Contributions of Luminance and Motion to Visual Escape and Habituation in Larval Zebrafish

Animals from insects to humans perform visual escape behavior in response to looming stimuli, and these responses habituate if looms are presented repeatedly without consequence. While the basic visual processing and motor pathways involved in this behavior have been described, many of the nuances of predator perception and sensorimotor gating have not. Here, we have performed both behavioral analyses and brain-wide cellular-resolution calcium imaging in larval zebrafish while presenting them with visual loom stimuli or stimuli that selectively deliver either the movement or the dimming properties of full loom stimuli. Behaviorally, we find that, while responses to repeated loom stimuli habituate, no such habituation occurs when repeated movement stimuli (in the absence of luminance changes) are presented. Dim stimuli seldom elicit escape responses, and therefore cannot habituate.
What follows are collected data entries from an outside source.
lemma seq_rad_selectors_ge:
  assumes "range e \<subseteq> X" "0 \<in> Y"
  shows "ereal (real T / 2) \<le> seq_rad X Y T (range selector)"
proof -
  let ?xy = "(\<lambda>t (\<sigma>::real list). e t, \<lambda>(t::nat) (\<sigma>::real list). 0::'a)"
  have tree: "?xy \<in> {(x, y). \<forall>t \<sigma>. x t \<sigma> \<in> X \<and> y t \<sigma> \<in> Y}"
    using assms by auto
  have pos_le_SUP: "ereal (\<Sum>t<T. if \<sigma> ! t = 1 then 1 else 0) \<le> (SUP f\<in>range selector.
        ereal (\<Sum>t<T. \<sigma> ! t * (norm (f (fst ?xy t (take t \<sigma>)) - snd ?xy t (take t \<sigma>)))\<^sup>2))"
    for \<sigma> :: "real list"
  proof (rule SUP_upper2)
    let ?k = "set_encode {t. t < T \<and> \<sigma> ! t = 1}"
    show "selector ?k \<in> range selector" by simp
    show "ereal (\<Sum>t<T. if \<sigma> ! t = 1 then 1 else 0) \<le>
        ereal (\<Sum>t<T. \<sigma> ! t * (norm (selector ?k (fst ?xy t (take t \<sigma>)) - snd ?xy t (take t \<sigma>)))\<^sup>2)"
      by (auto simp: norm_selector_e intro!: sum_mono)
  qed
  have "ereal (real T / 2) = ereal (1 / 2 ^ T) *
      (\<Sum>\<sigma>\<in>signs T. ereal (\<Sum>t<T. if \<sigma> ! t = 1 then 1 else 0))"
    by (simp add: sum_signs_count_pos)
  also have "\<dots> \<le> ereal (1 / 2 ^ T) * (\<Sum>\<sigma>\<in>signs T. SUP f\<in>range selector.
        ereal (\<Sum>t<T. \<sigma> ! t * (norm (f (fst ?xy t (take t \<sigma>)) - snd ?xy t (take t \<sigma>)))\<^sup>2))"
    by (intro ereal_mult_left_mono sum_mono pos_le_SUP) auto
  also have "\<dots> \<le> seq_rad X Y T (range selector)"
    unfolding seq_rad_def by (rule SUP_upper[OF tree])
  finally show ?thesis .
qed

definition gain :: "nat \<Rightarrow> 'a \<times> 'a \<Rightarrow> real" where
  "gain k p = (norm (snd p))\<^sup>2 - (norm (selector k (fst p) - snd p))\<^sup>2"

lemma gain_le_one: "norm (snd p) \<le> 1 \<Longrightarrow> gain k p \<le> 1"
  unfolding gain_def by (smt (verit) norm_ge_zero power_le_one zero_le_power2)

lemma gain_le_inner_sq: "gain k p \<le> (snd p \<bullet> e k)\<^sup>2"
  unfolding gain_def selector_def by (rule norm_sq_minus_dist_sq_le) simp

definition cum_gain :: "nat \<Rightarrow> ('a \<times> 'a) list \<Rightarrow> real" where
  "cum_gain k h = (\<Sum>t<length h. gain k (h ! t))"

lemma cum_gain_take: "\<tau> \<le> length s \<Longrightarrow> cum_gain k (take \<tau> s) = (\<Sum>t<\<tau>. gain k (s ! t))"
  unfolding cum_gain_def by (simp add: min_def)

definition leaders :: "nat \<Rightarrow> ('a \<times> 'a) list \<Rightarrow> nat set" where
  "leaders \<tau> h = {k. 1 \<le> cum_gain k (take \<tau> h)}"

lemma leaders_0 [simp]: "leaders 0 h = {}"
  unfolding leaders_def cum_gain_def by simp

lemma leaders_take: "\<tau> \<le> t \<Longrightarrow> leaders \<tau> (take t s) = leaders \<tau> s"
  unfolding leaders_def by (simp add: min_def)

(* Every leader has gained at least 1 in the first tau rounds, whereas by Bessel's inequality
   all operators together gain at most the sum of |y_t|^2 <= tau. *)
lemma card_le_if_subset_leaders:
  assumes "finite D" "D \<subseteq> leaders \<tau> s" "\<tau> \<le> length s"
    and bounded: "\<And>t. t < \<tau> \<Longrightarrow> norm (snd (s ! t)) \<le> 1"
  shows "card D \<le> \<tau>"
proof -
  have "real (card D) = (\<Sum>k\<in>D. 1)"
    by simp
  also have "\<dots> \<le> (\<Sum>k\<in>D. cum_gain k (take \<tau> s))"
    using assms(2) by (intro sum_mono) (auto simp: leaders_def)
  also have "\<dots> = (\<Sum>t<\<tau>. \<Sum>k\<in>D. gain k (s ! t))"
    using \<open>\<tau> \<le> length s\<close> by (simp add: cum_gain_take sum.swap[of _ D])
  also have "\<dots> \<le> (\<Sum>t<\<tau>. \<Sum>k\<in>D. (snd (s ! t) \<bullet> e k)\<^sup>2)"
    by (intro sum_mono gain_le_inner_sq)
  also have "\<dots> \<le> (\<Sum>t<\<tau>. (norm (snd (s ! t)))\<^sup>2)"
    using \<open>finite D\<close> by (intro sum_mono bessel_inequality) (auto simp: orthonormal)
  also have "\<dots> \<le> (\<Sum>t<\<tau>. 1)"
    using bounded by (intro sum_mono) (simp add: power_le_one)
  finally show ?thesis by simp
qed

lemma finite_leaders:
  assumes "\<tau> \<le> length s" "\<And>t. t < \<tau> \<Longrightarrow> norm (snd (s ! t)) \<le> 1"
  shows "finite (leaders \<tau> s)"
proof (rule ccontr)
  assume "infinite (leaders \<tau> s)"
  then obtain D where "finite D" "card D = Suc \<tau>" "D \<subseteq> leaders \<tau> s"
    using infinite_arbitrarily_large by blast
  with card_le_if_subset_leaders[OF _ _ assms] show False by fastforce
qed

lemma card_leaders_le:
  assumes "\<tau> \<le> length s" "\<And>t. t < \<tau> \<Longrightarrow> norm (snd (s ! t)) \<le> 1"
  shows "card (leaders \<tau> s) \<le> \<tau>"
  using card_le_if_subset_leaders[OF finite_leaders[OF assms] _ assms] by blast

lemma exists_leader_time:
  assumes "1 \<le> cum_gain k s" "\<And>t. t < length s \<Longrightarrow> norm (snd (s ! t)) \<le> 1"
  obtains \<tau> where "\<tau> \<le> length s" "k \<in> leaders \<tau> s" "cum_gain k (take \<tau> s) \<le> 2"
proof -
  define \<tau> where "\<tau> = (LEAST m. 1 \<le> cum_gain k (take m s))"
  have "\<tau> \<le> length s" "1 \<le> cum_gain k (take \<tau> s)"
    using assms(1) unfolding \<tau>_def by (auto intro: Least_le LeastI[of _ "length s"])
  moreover have "\<tau> \<noteq> 0"
    using \<open>1 \<le> cum_gain k (take \<tau> s)\<close> by (intro notI) (simp add: cum_gain_def)
  then have "\<not> 1 \<le> cum_gain k (take (\<tau> - 1) s)"
    unfolding \<tau>_def by (intro not_less_Least) (simp add: \<tau>_def[symmetric])
  moreover have "cum_gain k (take \<tau> s) = cum_gain k (take (\<tau> - 1) s) + gain k (s ! (\<tau> - 1))"
    using \<open>\<tau> \<le> length s\<close> \<open>\<tau> \<noteq> 0\<close> by (cases \<tau>) (simp_all add: cum_gain_take)
  moreover have "gain k (s ! (\<tau> - 1)) \<le> 1"
    using \<open>\<tau> \<le> length s\<close> \<open>\<tau> \<noteq> 0\<close> by (intro gain_le_one assms(2)) simp
  ultimately show ?thesis
    by (intro that[of \<tau>]) (auto simp: leaders_def)
qed

(* Clipping is the identity on instances from l1_ball; it only makes the experts predict in
   the unit ball on every input, as learners must. *)
fun expert :: "nat \<times> nat \<Rightarrow> 'a strategy" where
  "expert (\<tau>, i) h x = (if \<tau> \<le> length h \<and> i < card (leaders \<tau> h)
      then clip (selector (sorted_list_of_set (leaders \<tau> h) ! i) x) else 0)"

lemma norm_expert_le: "norm (expert j h x) \<le> 1"
  by (cases j) (simp add: norm_clip_le)

lemma cum_loss_zero_expert: "cum_loss (expert (0, 0)) s = cum_loss (\<lambda>_. selector k) s + cum_gain k s"
  unfolding cum_loss_def cum_gain_def gain_def by (simp add: sum_subtractf)

lemma cum_loss_following_expert:
  assumes "\<tau> \<le> length s" "i < card (leaders \<tau> s)" "sorted_list_of_set (leaders \<tau> s) ! i = k"
    and "\<And>t. t < length s \<Longrightarrow> fst (s ! t) \<in> l1_ball"
  shows "cum_loss (expert (\<tau>, i)) s = cum_loss (\<lambda>_. selector k) s + cum_gain k (take \<tau> s)"
proof -
  have "round_loss (expert (\<tau>, i)) s t
      = round_loss (\<lambda>_. selector k) s t + (if t < \<tau> then gain k (s ! t) else 0)"
    if "t < length s" for t
  proof (cases "t < \<tau>")
    case True
    then show ?thesis using that by (simp add: round_loss_def gain_def)
  next
    case False
    then have "expert (\<tau>, i) (take t s) (fst (s ! t)) = selector k (fst (s ! t))"
      using assms that by (simp add: leaders_take clip_eq_self norm_selector_le)
    with False show ?thesis by (simp add: round_loss_def)
  qed
  then have "cum_loss (expert (\<tau>, i)) s
      = cum_loss (\<lambda>_. selector k) s + (\<Sum>t<length s. if t < \<tau> then gain k (s ! t) else 0)"
    by (simp add: cum_loss_eq_sum_round_loss sum.distrib)
  also have "(\<Sum>t<length s. if t < \<tau> then gain k (s ! t) else 0) = cum_gain k (take \<tau> s)"
    using \<open>\<tau> \<le> length s\<close> by (simp add: cum_gain_take sum.If_cases) (rule sum.cong; auto)
  finally show ?thesis .
qed

lemma exists_expert_close:
  assumes "length s = T" "1 \<le> T"
    and X: "\<And>t. t < T \<Longrightarrow> fst (s ! t) \<in> l1_ball"
    and Y: "\<And>t. t < T \<Longrightarrow> norm (snd (s ! t)) \<le> 1"
  shows "\<exists>j\<in>experts T. cum_loss (expert j) s \<le> cum_loss (\<lambda>_. selector k) s + 2"
proof (cases "cum_gain k s < 1")
  case True
  moreover have "(0, 0) \<in> experts T"
    using \<open>1 \<le> T\<close> by (simp add: experts_def)
  ultimately show ?thesis
    using cum_loss_zero_expert[of s k] by (intro bexI[of _ "(0, 0)"]) auto
next
  case False
  then obtain \<tau> where \<tau>: "\<tau> \<le> length s" "k \<in> leaders \<tau> s" "cum_gain k (take \<tau> s) \<le> 2"
    using exists_leader_time Y \<open>length s = T\<close> by (metis linorder_not_le)
  have "finite (leaders \<tau> s)" "card (leaders \<tau> s) \<le> \<tau>"
    using \<tau>(1) Y \<open>length s = T\<close> by (auto intro!: finite_leaders card_leaders_le)
  then obtain i where i: "i < card (leaders \<tau> s)" "sorted_list_of_set (leaders \<tau> s) ! i = k"
    using \<tau>(2) by (metis in_set_conv_nth length_sorted_list_of_set set_sorted_list_of_set)
  have "(\<tau>, i) \<in> experts T"
    using \<tau>(1) i(1) \<open>card (leaders \<tau> s) \<le> \<tau>\<close> \<open>length s = T\<close> by (simp add: experts_def)
  moreover have "cum_loss (expert (\<tau>, i)) s = cum_loss (\<lambda>_. selector k) s + cum_gain k (take \<tau> s)"
    using \<tau>(1) i X \<open>length s = T\<close> by (intro cum_loss_following_expert) auto
  ultimately show ?thesis
    using \<tau>(3) by (intro bexI[of _ "(\<tau>, i)"]) simp_all
qed

definition hedge :: "nat \<Rightarrow> real \<Rightarrow> 'a strategy" where
  "hedge T \<eta> h x = (\<Sum>j\<in>experts T. exp (- \<eta> * cum_loss (expert j) h) *\<^sub>R expert j h x)
      /\<^sub>R (\<Sum>j\<in>experts T. exp (- \<eta> * cum_loss (expert j) h))"

lemma hedge_in_learners:
  assumes "1 \<le> T"
  shows "return_pmf (hedge T \<eta>) \<in> learners (cball 0 1)"
proof -
  have "hedge T \<eta> h x \<in> cball 0 1" for h x
    unfolding hedge_def using finite_experts experts_nonempty[OF assms] norm_expert_le
    by (intro weighted_mean_in_convex sum_pos) auto
  then show ?thesis
    by (simp add: learners_def)
qed

lemma round_loss_expert_le:
  assumes "norm (snd (s ! t)) \<le> 1"
  shows "round_loss (expert j) s t \<le> 4"
proof -
  have "norm (expert j (take t s) (fst (s ! t)) - snd (s ! t)) \<le> 2"
    using norm_triangle_ineq4[of "expert j (take t s) (fst (s ! t))" "snd (s ! t)"]
      norm_expert_le[of j "take t s" "fst (s ! t)"] assms
    by linarith
  then show ?thesis
    unfolding round_loss_def using power_mono[of _ 2 2] by force
qed

lemma cum_loss_hedge_le:
  assumes "length s = T" "1 \<le> T" "0 < \<eta>"
    and X: "\<And>t. t < T \<Longrightarrow> fst (s ! t) \<in> l1_ball"
    and Y: "\<And>t. t < T \<Longrightarrow> norm (snd (s ! t)) \<le> 1"
  shows "cum_loss (hedge T \<eta>) s
    \<le> cum_loss (\<lambda>_. selector k) s + 2 + ln (card (experts T)) / \<eta> + 8 * \<eta> * T"
proof -
  obtain j where j: "j \<in> experts T" "cum_loss (expert j) s \<le> cum_loss (\<lambda>_. selector k) s + 2"
    using exists_expert_close[OF assms(1,2) X Y] by blast
  have "(\<Sum>t<T. round_loss (hedge T \<eta>) s t)
      \<le> (\<Sum>t<T. round_loss (expert j) s t) + ln (card (experts T)) / \<eta> + \<eta> * 4\<^sup>2 * T / 2"
  proof (rule exp_weights_regret[OF finite_experts j(1) \<open>0 < \<eta>\<close>])
    fix j' t assume "t < T"
    then show "0 \<le> round_loss (expert j') s t \<and> round_loss (expert j') s t \<le> 4"
      using Y round_loss_expert_le by (simp add: round_loss_def)
  next
    fix t assume "t < T"
    then have weights: "cum_loss (expert j') (take t s) = (\<Sum>t'<t. round_loss (expert j') s t')" for j'
      using \<open>length s = T\<close> by (simp add: cum_loss_take)
    have "round_loss (hedge T \<eta>) s t
      \<le> (\<Sum>j'\<in>experts T. exp (- \<eta> * cum_loss (expert j') (take t s)) * round_loss (expert j') s t)
        / (\<Sum>j'\<in>experts T. exp (- \<eta> * cum_loss (expert j') (take t s)))"
      unfolding round_loss_def hedge_def using finite_experts experts_nonempty \<open>1 \<le> T\<close>
      by (intro dist_sq_weighted_mean_le sum_pos) auto
    then show "round_loss (hedge T \<eta>) s t
      \<le> (\<Sum>j'\<in>experts T. exp (- \<eta> * (\<Sum>t'<t. round_loss (expert j') s t')) * round_loss (expert j') s t)
        / (\<Sum>j'\<in>experts T. exp (- \<eta> * (\<Sum>t'<t. round_loss (expert j') s t')))"
      by (simp only: weights)
  qed
  with j(2) \<open>length s = T\<close> show ?thesis
    by (simp add: cum_loss_eq_sum_round_loss)
qed
(* Let $G$ be a finite group of order $9$ (written additively), and let $A,B\subseteq G$. Then: (i) if $|A|=3$ and $A$ is zero-sum free, then $|\sum(A)|\ge 6$; (ii) if $|A|=3$ and $0\notin A$, then $|\sum(A)|\ge 5$; (iii) if $|A|=4$ and $0\notin A$, then $|\sum(A)|\ge 7$; (iv) if $|A|=4$, then $|\sum_2(A)|\ge 5$; (v) if $|A|=4$ and $|B|\ge 2$, then $|A+B|\ge 5$.
   Context: For a subset $A=\{a_1,\dots,a_k\}$ of $G$, $\sum(A)$ is the set of all sums $a_{i_1}+\cdots+a_{i_l}$ with $1\le l\le k$ and $i_1,\dots,i_l$ pairwise distinct; $\sum_r(A)$ is the set of all such sums with exactly $r$ pairwise distinct indices. $A$ is zero-sum free if $0\notin\sum(A)$. $A+B=\{a+b: a\in A, b\in B\}$. *)

theory Defs
  imports Main
begin

definition subsums :: "'a::comm_monoid_add set \<Rightarrow> 'a set" where
  "subsums A = {\<Sum>S | S. S \<subseteq> A \<and> S \<noteq> {}}"

definition subsums_r :: "nat \<Rightarrow> 'a::comm_monoid_add set \<Rightarrow> 'a set" where
  "subsums_r r A = {\<Sum>S | S. S \<subseteq> A \<and> card S = r}"

definition zero_sum_free :: "'a::comm_monoid_add set \<Rightarrow> bool" where
  "zero_sum_free A \<longleftrightarrow> 0 \<notin> subsums A"

definition sumset :: "'a::plus set \<Rightarrow> 'a set \<Rightarrow> 'a set" where
  "sumset A B = {a + b | a b. a \<in> A \<and> b \<in> B}"

end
Neither repeated movement stimuli nor repeated dimming stimuli habituate the responses to subsequent full loom stimuli, suggesting that full looms are required for habituation. Our calcium imaging reveals that motion-sensitive neurons are abundant in the brain, that dim-sensitive neurons are present but more rare, and that neurons responsive to both stimuli (and to full loom stimuli) are concentrated in the tectum. Neurons selective to full loom stimuli (but not to movement or dimming) were not evident. Finally, we explored whether movement- or dim-sensitive neurons have characteristic response profiles during habituation to full looms. Such functional links between baseline responsiveness and habituation rate could suggest a specific role in the brain-wide habituation network, but no such relationships were found in our data. Overall, our results suggest that, while both movement- and dim-sensitive neurons contribute to predator escape behavior, neither plays a specific role in brain-wide visual habituation networks or in behavioral habituation.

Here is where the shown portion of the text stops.